The team behind the plan to build an International Barley Hub in Dundee expects to hear within days if the £68million project will be included in the Tay Cities Deal proposal.
The business case for a £40million contribution to the project was made on January 13 and at an industry meeting at Invergowrie, project chairman Colin West said he was encouraged by the initial response to the plan.
“We can read the tea leaves and we’re optimistic,” he said.
However Professor Robbie Waugh, the leader of the barley group at the James Hutton Institute (JHI) – where the hub would be sited – voiced his frustration that backing for the project couldn’t be sourced directly from central government scientific research funds.
Because the Scottish Government owns the JHI site and funds some of the work done there, the institute is barred from applying for central government money. Prof Waugh pointed to huge levels of investment currently being made at other scientific centres and said Dundee was missing out.

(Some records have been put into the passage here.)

(* Let $1\le k\le n$, $h=\mathcal D_K(x^{\epsilon_k+\epsilon_{-k}})$, $e=\mathcal D_K(x^{\epsilon_k+\epsilon_0})$ (so $[h,e]=e$). The twist of the standard Hopf algebra $U(\mathbf K^+_{\mathbb Z})[[t]]$ by $\mathcal F=\sum_{r\ge0}\frac{(-1)^r}{r!}h^{[r]}\otimes e^rt^r$, with product undeformed, satisfies for all $\alpha\in\mathbb Z^{2n+1}_{\ge0}$: $$\Delta(\mathcal D_K(x^\alpha))=\mathcal D_K(x^\alpha)\otimes(1-et)^{\alpha_k-\alpha_{-k}}+\sum_{\ell\ge0}\sum_{j=0}^{\ell}(-1)^\ell A_jB_{\ell-j}\,h^{\langle\ell\rangle}\otimes(1-et)^{-\ell}\mathcal D_K\big(x^{\alpha+(\ell-j)\epsilon_k+j(\epsilon_0-\epsilon_{-k})}\big)t^\ell,$$ $$S(\mathcal D_K(x^\alpha))=-(1-et)^{\alpha_{-k}-\alpha_k}\sum_{\ell\ge0}\sum_{j=0}^{\ell}A_jB_{\ell-j}\,\mathcal D_K\big(x^{\alpha+(\ell-j)\epsilon_k+j(\epsilon_0-\epsilon_{-k})}\big)h_1^{\langle\ell\rangle}t^\ell,$$ $\varepsilon(\mathcal D_K(x^\alpha))=0$, where $A_j=\frac1{j!}\prod_{i=0}^{j-1}(i-\alpha_{-k})$ and $B_{\ell-j}=\frac1{(\ell-j)!}\prod_{i=0}^{\ell-j-1}(\|\alpha\|-\alpha_0+i)$ (empty products $=1$).
   Context: Let $\mathbb F$ be a field of characteristic $0$ and $n\ge1$. Coordinates are indexed by $\{-n,\dots,-1,0,1,\dots,n\}$; $\epsilon_i\in\mathbb Z^{2n+1}$ is the $i$-th unit vector and, for $\alpha\in\mathbb Z^{2n+1}$, $x^\alpha=\prod_i x_i^{\alpha_i}$ in $\mathbb F[x_{-n}^{\pm1},\dots,x_n^{\pm1}]$. Define the derivation $\mathcal D_K(x^\alpha)=\big(2-\sum_{i=1}^n(\alpha_i+\alpha_{-i})\big)x^\alpha\frac{\partial}{\partial x_0}+\sum_{i=1}^n\Big[(\alpha_0x^{\alpha+\epsilon_i-\epsilon_0}+\alpha_{-i}x^{\alpha-\epsilon_{-i}})\frac{\partial}{\partial x_i}+(\alpha_0x^{\alpha+\epsilon_{-i}-\epsilon_0}-\alpha_ix^{\alpha-\epsilon_i})\frac{\partial}{\partial x_{-i}}\Big]$, extended linearly. The generalized Cartan type $K$ Lie algebra $\mathbf K$ is the Lie algebra of derivations (commutator bracket) with basis $\{\mathcal D_K(x^\alpha):\alpha\in\mathbb Z^{2n+1}\}$; explicitly $[\mathcal D_K(x^\alpha),\mathcal D_K(x^\beta)]=\mathcal D_K\Big(\big((2-\sum_{i=1}^n(\alpha_i+\alpha_{-i}))\beta_0-(2-\sum_{i=1}^n(\beta_i+\beta_{-i}))\alpha_0\big)x^{\alpha+\beta-\epsilon_0}+\sum_{i=1}^n(\alpha_{-i}\beta_i-\alpha_i\beta_{-i})x^{\alpha+\beta-\epsilon_i-\epsilon_{-i}}\Big)$. $\mathbf K^+_{\mathbb Z}$ is the $\mathbb Z$-span of $\mathcal D_K(x^\alpha)$, $\alpha\in\mathbb Z_{\ge0}^{2n+1}$. Also $|\alpha|=\sum_{i=-n}^n\alpha_i$ and $\|\alpha\|=|\alpha|+\alpha_0-2$. For an element $x$ of a unital algebra, a scalar $a$ and $m\ge0$: $x_a^{\langle m\rangle}=(x+a)(x+a+1)\cdots(x+a+m-1)$, $x_a^{[m]}=(x+a)(x+a-1)\cdots(x+a-m+1)$, $x^{\langle m\rangle}=x_0^{\langle m\rangle}$, $x^{[m]}=x_0^{[m]}$ (empty products $=1$). $U(L)[[t]]$ carries the standard Hopf structure $\Delta_0(y)=y\otimes1+1\otimes y$, $S_0(y)=-y$, $\varepsilon(y)=0$ for $y\in L$ (extended $t$-adically). Twisting by an invertible $\mathcal F$ means: same product and counit, $\Delta(a)=\mathcal F\Delta_0(a)\mathcal F^{-1}$, $S(a)=vS_0(a)v^{-1}$ with $v=m(\mathrm{Id}\otimes S_0)(\mathcal F)$. For $c\in\mathbb Z$, $(1-et)^c$ is the binomial power series in $t$. *)

theory Defs
  imports Complex_Main "HOL-Library.Poly_Mapping"
begin
lemma ho_coeffs_neg_at_pos:
  assumes n: "n > 0" and k: "k \<ge> 0"
  shows "ho_coeffs k (-n) n = complex_of_real (k / (of_int n + k))"
proof -
  define Ln where "Ln = {j. \<bar>j\<bar> < n \<and> even (n - \<bar>j\<bar>)}"
  define a where "a = ho_coeffs k (-n)"
  have Ln: "finite Ln" "n \<notin> Ln" "-n \<notin> Ln"
    using finite_ho_less[of n] ho_less_pos[OF n] by (auto simp: Ln_def)
  have "a (-n) = 1"
    using ho_coeffs_diag[OF k] by (simp add: a_def)
  moreover have "cherednik_coeff k j n = 0" if "j \<in> Ln" for j
  proof -
    have "\<not> (n = j \<or> ho_less n j)" using that n by (auto simp: Ln_def ho_less_def)
    then show ?thesis using cherednik_coeff_nonzeroD by blast
  qed
  ultimately have "(- of_int n - of_real k) * a n = - 2 * of_real k + (of_int n + of_real k) * a n"
    using ho_coeffs_cherednik_eigen[OF k, of "-n" n] ho_less_neg[OF n] Ln n
    by (simp add: a_def Ln_def cherednik_apply_def cherednik_coeff_def geom_exps_def) (simp add: algebra_simps)
  moreover have "of_int n + complex_of_real k \<noteq> 0"
    using n k by (metis add_pos_nonneg of_int_0_less_iff of_real_add of_real_eq_0_iff of_real_of_int_eq
        order_less_irrefl)
  ultimately show ?thesis
    unfolding a_def[symmetric] by (simp add: field_simps) algebra
qed
lemma Ctd_conjugate:
  assumes f: "k_conformal_iso phi A B f" and A: "graded_module A" and B: "graded_module B"
    and chi: "chi \<in> Ctd phi A"
  shows "(\<lambda>x. f (chi (inv f x))) \<in> Ctd phi B"
proof -
  have g: "k_conformal_iso phi B A (inv f)" using k_conformal_iso_inv[OF f A B] .
  have f_inv: "f (inv f y) = y" for y
    using f unfolding k_conformal_iso_def by (simp add: bij_is_surj surj_f_inv_f)
  show ?thesis
    using f g chi f_inv unfolding k_conformal_iso_def Ctd_def by auto
qed

lemma canonical_map_inj:
  assumes "canonical_map_iso phi A" and "smul A r = smul A s"
  shows "r = s"
  using assms unfolding canonical_map_iso_def bij_betw_def inj_on_def by blast

definition induced_scalar :: "('r, 'a) csa \<Rightarrow> ('r, 'b) csa \<Rightarrow> ('a \<Rightarrow> 'b) \<Rightarrow> 'r \<Rightarrow> 'r" where
  "induced_scalar A B f r = (SOME s. smul B s = (\<lambda>x. f (smul A r (inv f x))))"

lemma induced_scalar_smul:
  assumes f: "k_conformal_iso phi A B f" and A: "graded_module A" and B: "graded_module B"
    and cA: "canonical_map_iso phi A" and cB: "canonical_map_iso phi B"
  shows "smul B (induced_scalar A B f r) (f a) = f (smul A r a)"
proof -
  have "smul A r \<in> Ctd phi A" using cA unfolding canonical_map_iso_def bij_betw_def by blast
  then have "(\<lambda>x. f (smul A r (inv f x))) \<in> Ctd phi B" by (rule Ctd_conjugate[OF f A B])
  then have "\<exists>s. smul B s = (\<lambda>x. f (smul A r (inv f x)))"
    using cB unfolding canonical_map_iso_def bij_betw_def by (metis UNIV_I imageE)
  then have "smul B (induced_scalar A B f r) = (\<lambda>x. f (smul A r (inv f x)))"
    unfolding induced_scalar_def by (rule someI_ex)
  moreover have "inv f (f a) = a" using f unfolding k_conformal_iso_def by (simp add: bij_is_inj)
  ultimately show ?thesis by simp
qed

lemma induced_scalar_unique:
  assumes f: "k_conformal_iso phi A B f" and A: "graded_module A" and B: "graded_module B"
    and cA: "canonical_map_iso phi A" and cB: "canonical_map_iso phi B"
    and s: "\<And>a. smul B s (f a) = f (smul A r a)"
  shows "induced_scalar A B f r = s"
proof (rule canonical_map_inj[OF cB], rule ext)
  fix y
  obtain a where "y = f a" using f unfolding k_conformal_iso_def by (metis bij_pointE)
  then show "smul B (induced_scalar A B f r) y = smul B s y"
    using induced_scalar_smul[OF f A B cA cB] s by simp
qed

lemma smul_delta_commutator:
  assumes "conformal_superalgebra phi delta A"
  shows "smul A (delta r) a = der A (smul A r a) - smul A r (der A a)"
  using assms unfolding conformal_superalgebra_def by (simp add: algebra_simps)

text \<open>The induced map is a k-algebra automorphism of R commuting with delta: injective and
  surjective since the inverse isomorphism induces its inverse, and each algebraic identity
  follows from uniqueness of the induced scalar.\<close>

lemma induced_scalar_diff_k_aut:
  assumes f: "k_conformal_iso phi A B f"
    and A: "conformal_superalgebra phi delta A" and B: "conformal_superalgebra phi delta B"
    and cA: "canonical_map_iso phi A" and cB: "canonical_map_iso phi B"
  shows "diff_k_aut phi delta (induced_scalar A B f)"
proof -
  let ?\<sigma> = "induced_scalar A B f"
  have gA: "graded_module A" and gB: "graded_module B"
    using A B unfolding conformal_superalgebra_def by auto
  have g: "k_conformal_iso phi B A (inv f)" using k_conformal_iso_inv[OF f gA gB] .
  have add: "additive f" using f unfolding k_conformal_iso_def additive_def by blast
  note \<sigma> = induced_scalar_smul[OF f gA gB cA cB]
  note \<sigma>_unique = induced_scalar_unique[OF f gA gB cA cB]
  have inj: "inj ?\<sigma>"
  proof (rule injI)
    fix r s assume "?\<sigma> r = ?\<sigma> s"
    then have "f (smul A r a) = f (smul A s a)" for a using \<sigma> by metis
    then have "smul A r = smul A s"
      using f unfolding k_conformal_iso_def by (metis bij_is_inj injD ext)
    then show "r = s" by (rule canonical_map_inj[OF cA])
  qed
  have surj: "surj ?\<sigma>"
  proof (rule surjI)
    fix s
    let ?t = "induced_scalar B A (inv f) s"
    have "smul A ?t (inv f (f a)) = inv f (smul B s (f a))" for a
      by (rule induced_scalar_smul[OF g gB gA cB cA])
    then have "smul B s (f a) = f (smul A ?t a)" for a
      using f unfolding k_conformal_iso_def by (metis bij_inv_eq_iff)
    then show "?\<sigma> ?t = s" by (rule \<sigma>_unique)
  qed
  show ?thesis unfolding diff_k_aut_def
  proof (intro conjI allI)
    show "bij ?\<sigma>" using inj surj by (rule bijI)
    show "?\<sigma> 1 = 1"
      using gA gB by (intro \<sigma>_unique) (simp add: graded_module_def)
    show "?\<sigma> (r + s) = ?\<sigma> r + ?\<sigma> s" for r s
      using gA gB \<sigma> by (intro \<sigma>_unique) (simp add: graded_module_def additive.add[OF add])
    show "?\<sigma> (r * s) = ?\<sigma> r * ?\<sigma> s" for r s
      using gA gB \<sigma> by (intro \<sigma>_unique) (simp add: graded_module_def)
    show "?\<sigma> (phi c) = phi c" for c
      using f by (intro \<sigma>_unique) (simp add: k_conformal_iso_def)
    show "?\<sigma> (delta r) = delta (?\<sigma> r)" for r
    proof (rule \<sigma>_unique)
      fix a
      have f_der: "f (der A x) = der B (f x)" for x using f unfolding k_conformal_iso_def by blast
      show "smul B (delta (?\<sigma> r)) (f a) = f (smul A (delta r) a)"
        unfolding smul_delta_commutator[OF A] smul_delta_commutator[OF B] additive.diff[OF add]
        by (simp add: f_der flip: \<sigma>)
    qed
  qed
qed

“If we look at scientifically competing institutions – Norwich, for instance – in the last three years they’ve had a £26million investment for an innovation hub for research; they’re building a brand new Quadrum Institute with a budget of £80million; and they’re getting another £8million to refurbish the John Innes Centre,” he said.
“The buildings are all within 100 metres of one another, and all the money comes from central government through the research councils, but we’re not eligible for it. So we’re trying to scratch around and get £40million through industry support and the Tay Cities Deal, whereas the research councils are recognising the value of what other people do, and they invest.
“It’s a lack of recognition of the value of the work that goes on in places like this in the longer term to big industries that generate revenue.”
He added: “Scientifically we’re being asked to compete on the world stage with everyone else but we can’t get the funding to do what we want to do as well as we can do it because we’re not eligible.”
Prof Waugh said the funding that was required for the hub amounted to just 1% of the revenue from Scottish whisky in one year.
“That would fund a building that will underpin that business for probably the next 50 years,” he said.
” One percent – it’s nothing. And that’s not including the beer industry or food barley or the feed barley industries.”
Prof Waugh argued that Brexit would also pose challenges for the proposed hub and other scientific work.
He said: “It may restrict our ability to interact with close colleagues in other European countries, because we get joint funding and we talk about what we’re doing. As soon as the funding becomes partitioned to individual countries we’ll start to compete. It’s inevitable. It’s crazy.”